2. Der Ausländerbehörde ist im Rahmen der Prüfung des Vorliegens eines die Zurechnung gegenüber dem in häuslicher Gemeinschaft mit einem Vorbestraften lebenden Ehepartner ausschließenden Härtefalls nach § 104a Abs. 3 Satz 2 AufenthG kein Ermessen eröffnet. Bei der Konkretisierung des unbestimmten und daher ausfüllungsbedürftigen Rechtsbegriffs der “besonderen Härte” kommt eine solche nur dann in Betracht, wenn im konkreten Einzelfall ganz besondere Umstände vorliegen, aus denen sich ergibt, dass die mit der Befolgung der Ausreisepflicht für den Ehegatten verbundenen Konsequenzen ihn erheblich ungleich härter treffen als andere Ausländer in vergleichbarer Situation oder wenn beispielsweise die abgeurteilte Straftat im Sinne § 104a Abs. 1 Satz 1 Nr. 6 AufenthG gegenüber dem Ehepartner selbst begangen worden ist, weil dann die Zurechnung gegenüber dem Opfer erfolgen würde.
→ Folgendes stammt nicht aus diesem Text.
(* Let $\{G(n)\}$ be a sequence of random intersection graphs with $\mathbb E\,Y(n)^2=O(1)$, and let $R(n)$ be the number of $4$-sets $S\subseteq V(G(n))$ that witness a rainbow $K_4$ in $G(n)$. Then $\mathbb E\,R(n)\le(\mathbb E\,Y(n)^2)^4/4!=O(1)$. Furthermore, if for some positive sequence $\varepsilon_n\to0$ we have $n\,\mathbb P(Y(n)\ge\varepsilon_n n^{1/2})\to0$, then with probability tending to $1$, $G(n)$ contains no rainbow $K_4$.
   Context: Random intersection graph: given positive integers $n,m$ and a probability measure $P$ on $\{0,\dots,m\}$, $G(n,m,P)$ has vertex set $V=[n]$ and attribute set $W=\{w_1,\dots,w_m\}$; independent random subsets $S_1,\dots,S_n\subseteq W$ with $\mathbb P(S_v=S)=P(|S|)/\binom{m}{|S|}$; distinct $u,v$ adjacent iff $S_u\cap S_v\ne\emptyset$. For a sequence $G(n)=G(n,m(n),P(n))$ with $m(n)\to\infty$, $X(n)$ has law $P(n)$ and $Y(n)=(n/m)^{1/2}X(n)$. A set $S\subseteq V$ witnesses a rainbow clique if $S$ induces a clique and one can assign to each pair $\{u,v\}\subseteq S$ an attribute in $S_u\cap S_v$ so that all assigned attributes are distinct; $G(n)$ contains a rainbow $K_4$ if some $4$-set is such a witness. *)

theory Defs
  imports "HOL-Probability.Probability" "HOL-Library.Landau_Symbols"
begin

text \<open>Distribution of one attribute set S_v: first draw |S_v| = k according to P,
  then S_v uniform among k-subsets of W, so P(S_v = S) = P(|S|) / (m choose |S|).\<close>
definition attr_dist :: "nat \<Rightarrow> nat pmf \<Rightarrow> nat set pmf" where
  "attr_dist m P = bind_pmf P (\<lambda>k. pmf_of_set {S. S \<subseteq> {..<m} \<and> card S = k})"

definition RIG :: "nat \<Rightarrow> nat \<Rightarrow> nat pmf \<Rightarrow> (nat \<Rightarrow> nat set) pmf" where
  "RIG n m P = Pi_pmf {..<n} {} (\<lambda>_. attr_dist m P)"

definition rig_adj :: "(nat \<Rightarrow> nat set) \<Rightarrow> nat \<Rightarrow> nat \<Rightarrow> bool" where
  "rig_adj S u v \<longleftrightarrow> u \<noteq> v \<and> S u \<inter> S v \<noteq> {}"

definition rainbow_witness :: "(nat \<Rightarrow> nat set) \<Rightarrow> nat set \<Rightarrow> bool" where
  "rainbow_witness S T \<longleftrightarrow>
     (\<forall>u\<in>T. \<forall>v\<in>T. u \<noteq> v \<longrightarrow> rig_adj S u v) \<and>
     (\<exists>f :: nat set \<Rightarrow> nat. inj_on f {e. e \<subseteq> T \<and> card e = 2} \<and>
        (\<forall>u\<in>T. \<forall>v\<in>T. u \<noteq> v \<longrightarrow> f {u, v} \<in> S u \<inter> S v))"

definition num_rainbow_K4 :: "nat \<Rightarrow> (nat \<Rightarrow> nat set) \<Rightarrow> nat" where
  "num_rainbow_K4 n S = card {T. T \<subseteq> {..<n} \<and> card T = 4 \<and> rainbow_witness S T}"

definition has_rainbow_K4 :: "nat \<Rightarrow> (nat \<Rightarrow> nat set) \<Rightarrow> bool" where
  "has_rainbow_K4 n S \<longleftrightarrow> (\<exists>T. T \<subseteq> {..<n} \<and> card T = 4 \<and> rainbow_witness S T)"

text \<open>Y(n) = (n/m)^(1/2) X(n), as a function of the value k of X(n).\<close>
definition Yval :: "nat \<Rightarrow> nat \<Rightarrow> nat \<Rightarrow> real" where
  "Yval n m k = sqrt (real n / real m) * real k"

end

theory Submission
  imports Defs
begin

text \<open>Condition on the sizes \<open>K v = |S v|\<close>. A 4-set \<open>T\<close> witnesses a rainbow \<open>K\<^sub>4\<close> only if
  some injective labelling of its six edges by attributes puts the three labels at each vertex
  into \<open>S v\<close>; as \<open>S v\<close> is a uniform \<open>K v\<close>-subset, a union bound over the \<open>m\<^sup>6\<close> labellings
  gives the conditional probability \<open>min 1 (p\<^sup>3\<^sup>/\<^sup>2) \<le> p\<close> with \<open>p = \<Prod>v\<in>T. K v\<^sup>2 / m\<close>.
  The sizes are independent, so \<open>p\<close> has expectation \<open>(E X\<^sup>2/m)\<^sup>4 = (E Y\<^sup>2 / n)\<^sup>4\<close>, and there are
  at most \<open>n\<^sup>4/4!\<close> four-sets. When all \<open>K v\<^sup>2/m \<le> \<epsilon>\<^sup>2\<close>, \<open>p\<^sup>3\<^sup>/\<^sup>2 \<le> \<epsilon>\<^sup>4 p\<close> instead, and some
  \<open>Y(v) \<ge> \<epsilon> n\<^sup>1\<^sup>/\<^sup>2\<close> has probability at most \<open>n P(Y \<ge> \<epsilon> n\<^sup>1\<^sup>/\<^sup>2)\<close>.\<close>

lemma real_choose_diff_le:
  "j \<le> k \<Longrightarrow> k \<le> m \<Longrightarrow> real ((m - j) choose (k - j)) \<le> (real k / real m) ^ j * real (m choose k)"
proof (induction j arbitrary: m k)
  case 0
  then show ?case by simp
next
  case (Suc j)
  then have k1: "k \<ge> 1" and m1: "m \<ge> 1" by auto
  have ratio_le: "real (k - 1) / real (m - 1) \<le> real k / real m"
  proof (cases "m = 1")
    case False
    then have "real m - 1 > 0" using m1 by simp
    moreover have "(real k - 1) * real m \<le> real k * (real m - 1)"
      using Suc.prems by (simp add: algebra_simps)
    ultimately show ?thesis using k1 m1 by (simp add: of_nat_diff field_simps)
  qed simp
  have absorption: "real ((m - 1) choose (k - 1)) = real k / real m * real (m choose k)"
    using binomial_absorption[of "k - 1" m] k1 m1 by (simp add: field_simps flip: of_nat_mult)
  have "real ((m - Suc j) choose (k - Suc j)) = real ((m - 1 - j) choose (k - 1 - j))"
    by simp
  also have "\<dots> \<le> (real (k - 1) / real (m - 1)) ^ j * real ((m - 1) choose (k - 1))"
    using Suc.IH[of "k - 1" "m - 1"] Suc.prems by auto
  also have "\<dots> \<le> (real k / real m) ^ j * real ((m - 1) choose (k - 1))"
    by (intro mult_right_mono power_mono ratio_le) auto
  also have "\<dots> = (real k / real m) ^ Suc j * real (m choose k)"
    unfolding absorption by simp
  finally show ?case .
qed

definition uniform_subset :: "nat \<Rightarrow> nat \<Rightarrow> nat set pmf" where
  "uniform_subset m k = pmf_of_set {S. S \<subseteq> {..<m} \<and> card S = k}"

lemma finite_subsets_lessThan_card: "finite {S. S \<subseteq> {..<m::nat} \<and> card S = k}"
  by (rule finite_subset[of _ "Pow {..<m}"]) auto

lemma card_subsets_lessThan_card: "card {S. S \<subseteq> {..<m::nat} \<and> card S = k} = m choose k"
  using n_subsets[of "{..<m}" k] by simp

lemma subsets_lessThan_card_nonempty: "k \<le> m \<Longrightarrow> {S. S \<subseteq> {..<m::nat} \<and> card S = k} \<noteq> {}"
  using card_subsets_lessThan_card[of m k] by (metis card.empty zero_less_binomial_iff not_less0)

lemma set_pmf_uniform_subset:
  "k \<le> m \<Longrightarrow> set_pmf (uniform_subset m k) = {S. S \<subseteq> {..<m} \<and> card S = k}"
  unfolding uniform_subset_def
  using finite_subsets_lessThan_card subsets_lessThan_card_nonempty by simp

lemma card_subsets_containing:
  assumes A: "A \<subseteq> {..<m}" "card A = j" and "j \<le> k"
  shows "card {S. S \<subseteq> {..<m} \<and> card S = k \<and> A \<subseteq> S} = (m - j) choose (k - j)"
proof -
  have finA: "finite A" using A finite_subset by blast
  have "bij_betw (\<lambda>C. C \<union> A) {C. C \<subseteq> {..<m} - A \<and> card C = k - j}
          {S. S \<subseteq> {..<m} \<and> card S = k \<and> A \<subseteq> S}"
  proof (rule bij_betw_byWitness[where f' = "\<lambda>S. S - A"])
    show "(\<lambda>C. C \<union> A) ` {C. C \<subseteq> {..<m} - A \<and> card C = k - j}
            \<subseteq> {S. S \<subseteq> {..<m} \<and> card S = k \<and> A \<subseteq> S}"
    proof safe
      fix C assume C: "C \<subseteq> {..<m} - A" "card C = k - j"
      then have "card (C \<union> A) = card C + card A"
        using finA by (intro card_Un_disjoint) (auto intro: finite_subset)
      then show "card (C \<union> A) = k" using C A \<open>j \<le> k\<close> by simp
    qed (use A in auto)
    show "(\<lambda>S. S - A) ` {S. S \<subseteq> {..<m} \<and> card S = k \<and> A \<subseteq> S}
            \<subseteq> {C. C \<subseteq> {..<m} - A \<and> card C = k - j}"
      using A finA by (auto simp: card_Diff_subset)
  qed auto
  then have "card {S. S \<subseteq> {..<m} \<and> card S = k \<and> A \<subseteq> S}
               = card {C. C \<subseteq> {..<m} - A \<and> card C = k - j}"
    by (simp add: bij_betw_same_card)
  also have "\<dots> = (m - j) choose (k - j)"
    using n_subsets[of "{..<m} - A" "k - j"] A finA by (simp add: card_Diff_subset)
  finally show ?thesis .
qed

lemma prob_uniform_subset_superset_le:
  assumes "k \<le> m" and A: "A \<subseteq> {..<m}" "card A = j"
  shows "measure_pmf.prob (uniform_subset m k) {S. A \<subseteq> S} \<le> (real k / real m) ^ j"
proof (cases "j \<le> k")
  case True
  have "{S. S \<subseteq> {..<m} \<and> card S = k} \<inter> {S. A \<subseteq> S}
          = {S. S \<subseteq> {..<m} \<and> card S = k \<and> A \<subseteq> S}"
    by auto
  then have "measure_pmf.prob (uniform_subset m k) {S. A \<subseteq> S}
          = real ((m - j) choose (k - j)) / real (m choose k)"
    using assms True subsets_lessThan_card_nonempty[OF \<open>k \<le> m\<close>]
    by (simp add: uniform_subset_def measure_pmf_of_set finite_subsets_lessThan_card
        card_subsets_lessThan_card card_subsets_containing)
  also have "\<dots> \<le> (real k / real m) ^ j"
    using real_choose_diff_le[OF True \<open>k \<le> m\<close>] \<open>k \<le> m\<close> by (simp add: divide_le_eq)
  finally show ?thesis .
next
  case False
  have "card A \<le> card S" if "S \<in> set_pmf (uniform_subset m k)" "A \<subseteq> S" for S
    using that \<open>k \<le> m\<close> by (intro card_mono) (auto simp: set_pmf_uniform_subset intro: finite_subset)
  then have "measure_pmf.prob (uniform_subset m k) {S. A \<subseteq> S} = 0"
    using False A \<open>k \<le> m\<close> by (subst measure_pmf_zero_iff) (auto simp: set_pmf_uniform_subset)
  then show ?thesis by simp
qed

definition edges :: "'a set \<Rightarrow> 'a set set" where
  "edges T = {e. e \<subseteq> T \<and> card e = 2}"

lemma finite_edges: "finite T \<Longrightarrow> finite (edges T)"
  unfolding edges_def by (rule finite_subset[of _ "Pow T"]) auto

lemma card_edges: "finite T \<Longrightarrow> card (edges T) = card T choose 2"
  unfolding edges_def by (rule n_subsets)

lemma card_edges_through:
  assumes "finite T" "v \<in> T"
  shows "card {e \<in> edges T. v \<in> e} = card T - 1"
proof -
  have "{e \<in> edges T. v \<in> e} = (\<lambda>u. {v, u}) ` (T - {v})"
    using assms(2) by (auto simp: card_2_iff edges_def)
  moreover have "inj_on (\<lambda>u. {v, u}) (T - {v})"
    by (auto simp: inj_on_def doubleton_eq_iff)
  ultimately show ?thesis
    using assms by (simp add: card_image)
qed

lemma card_inj_PiE_lessThan_le:
  "finite E \<Longrightarrow> card {g \<in> E \<rightarrow>\<^sub>E {..<m::nat}. inj_on g E} \<le> m ^ card E"
  using card_mono[OF finite_PiE[of E "\<lambda>_. {..<m}"], of "{g \<in> E \<rightarrow>\<^sub>E {..<m}. inj_on g E}"]
  by (auto simp: card_PiE)

lemma rainbow_witness_labelling:
  assumes "rainbow_witness S T" "\<forall>v\<in>T. S v \<subseteq> {..<m}"
  obtains g where "g \<in> edges T \<rightarrow>\<^sub>E {..<m}" "inj_on g (edges T)"
    "\<forall>v\<in>T. g ` {e \<in> edges T. v \<in> e} \<subseteq> S v"
proof -
  from assms(1) obtain g where inj: "inj_on g (edges T)"
    and g: "\<forall>u\<in>T. \<forall>v\<in>T. u \<noteq> v \<longrightarrow> g {u, v} \<in> S u \<inter> S v"
    unfolding rainbow_witness_def edges_def by blast
  have at_vertex: "\<forall>v\<in>T. g ` {e \<in> edges T. v \<in> e} \<subseteq> S v"
    using g by (auto simp: card_2_iff edges_def)
  moreover have "\<exists>v\<in>T. v \<in> e" if "e \<in> edges T" for e
    using that by (auto simp: edges_def card_2_iff)
  ultimately have "restrict g (edges T) \<in> edges T \<rightarrow>\<^sub>E {..<m}"
    using assms(2) by fastforce
  moreover have "inj_on (restrict g (edges T)) (edges T)"
    using inj by (simp add: inj_on_def)
  ultimately show ?thesis
    using at_vertex by (intro that[of "restrict g (edges T)"]) auto
qed

definition RIG_given_sizes :: "nat \<Rightarrow> nat \<Rightarrow> (nat \<Rightarrow> nat) \<Rightarrow> (nat \<Rightarrow> nat set) pmf" where
  "RIG_given_sizes n m K = Pi_pmf {..<n} {} (\<lambda>v. uniform_subset m (K v))"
3. Zu den von der Ausländerbehörde zu treffenden Vorkehrungen einer medizinischen Betreuung und Begleitung des Abschiebevorgangs für die beabsichtigte Rückführung einer selbstmordgefährdeten Ausländerin.
4. Eine schützenswerte Rechtsposition selbst eines in Deutschland geborenen und aufgewachsenen Ausländers auf der Grundlage des Art. 8 EMRK als so genannter “faktischer Inländer” kommt allenfalls in Betracht, wenn von seiner abgeschlossenen “gelungenen” Integration in die Lebensverhältnisse in Deutschland, die nach der Rechtsprechung des Europäischen Gerichtshofs für Menschenrechte (EGMR) Grundvoraussetzung für die Annahme eines rechtlichen Abschiebungshindernisses auf der Grundlage des Art. 8 Abs. 1 EMRK ist, ausgegangen werden kann. Insoweit ist für minderjährige Kinder keine isolierte Betrachtung vorzunehmen.
Normenkette
EMRK Art. 8 Abs. 1; GG Art. 100 Abs. 1; VwGO § 123 Abs. 1, § 146 Abs. 4 S. 6; AufenthG § 25 Abs. 5, § 104a Abs. 1 S. 1 Nr. 6, Abs. 3 Sätze 2, 1
Verfahrensgang
VG des Saarlandes (Beschluss vom 24.08.2009; Aktenzeichen 10 L 675/09) |
Tenor
Die Beschwerde der Antragsteller gegen den Beschluss des Verwaltungsgerichts des Saarlandes vom 24. August 2009 – 10 L 675/09 – wird zurückgewiesen.
Die Kosten des Beschwerdeverfahrens tragen die Antragsteller.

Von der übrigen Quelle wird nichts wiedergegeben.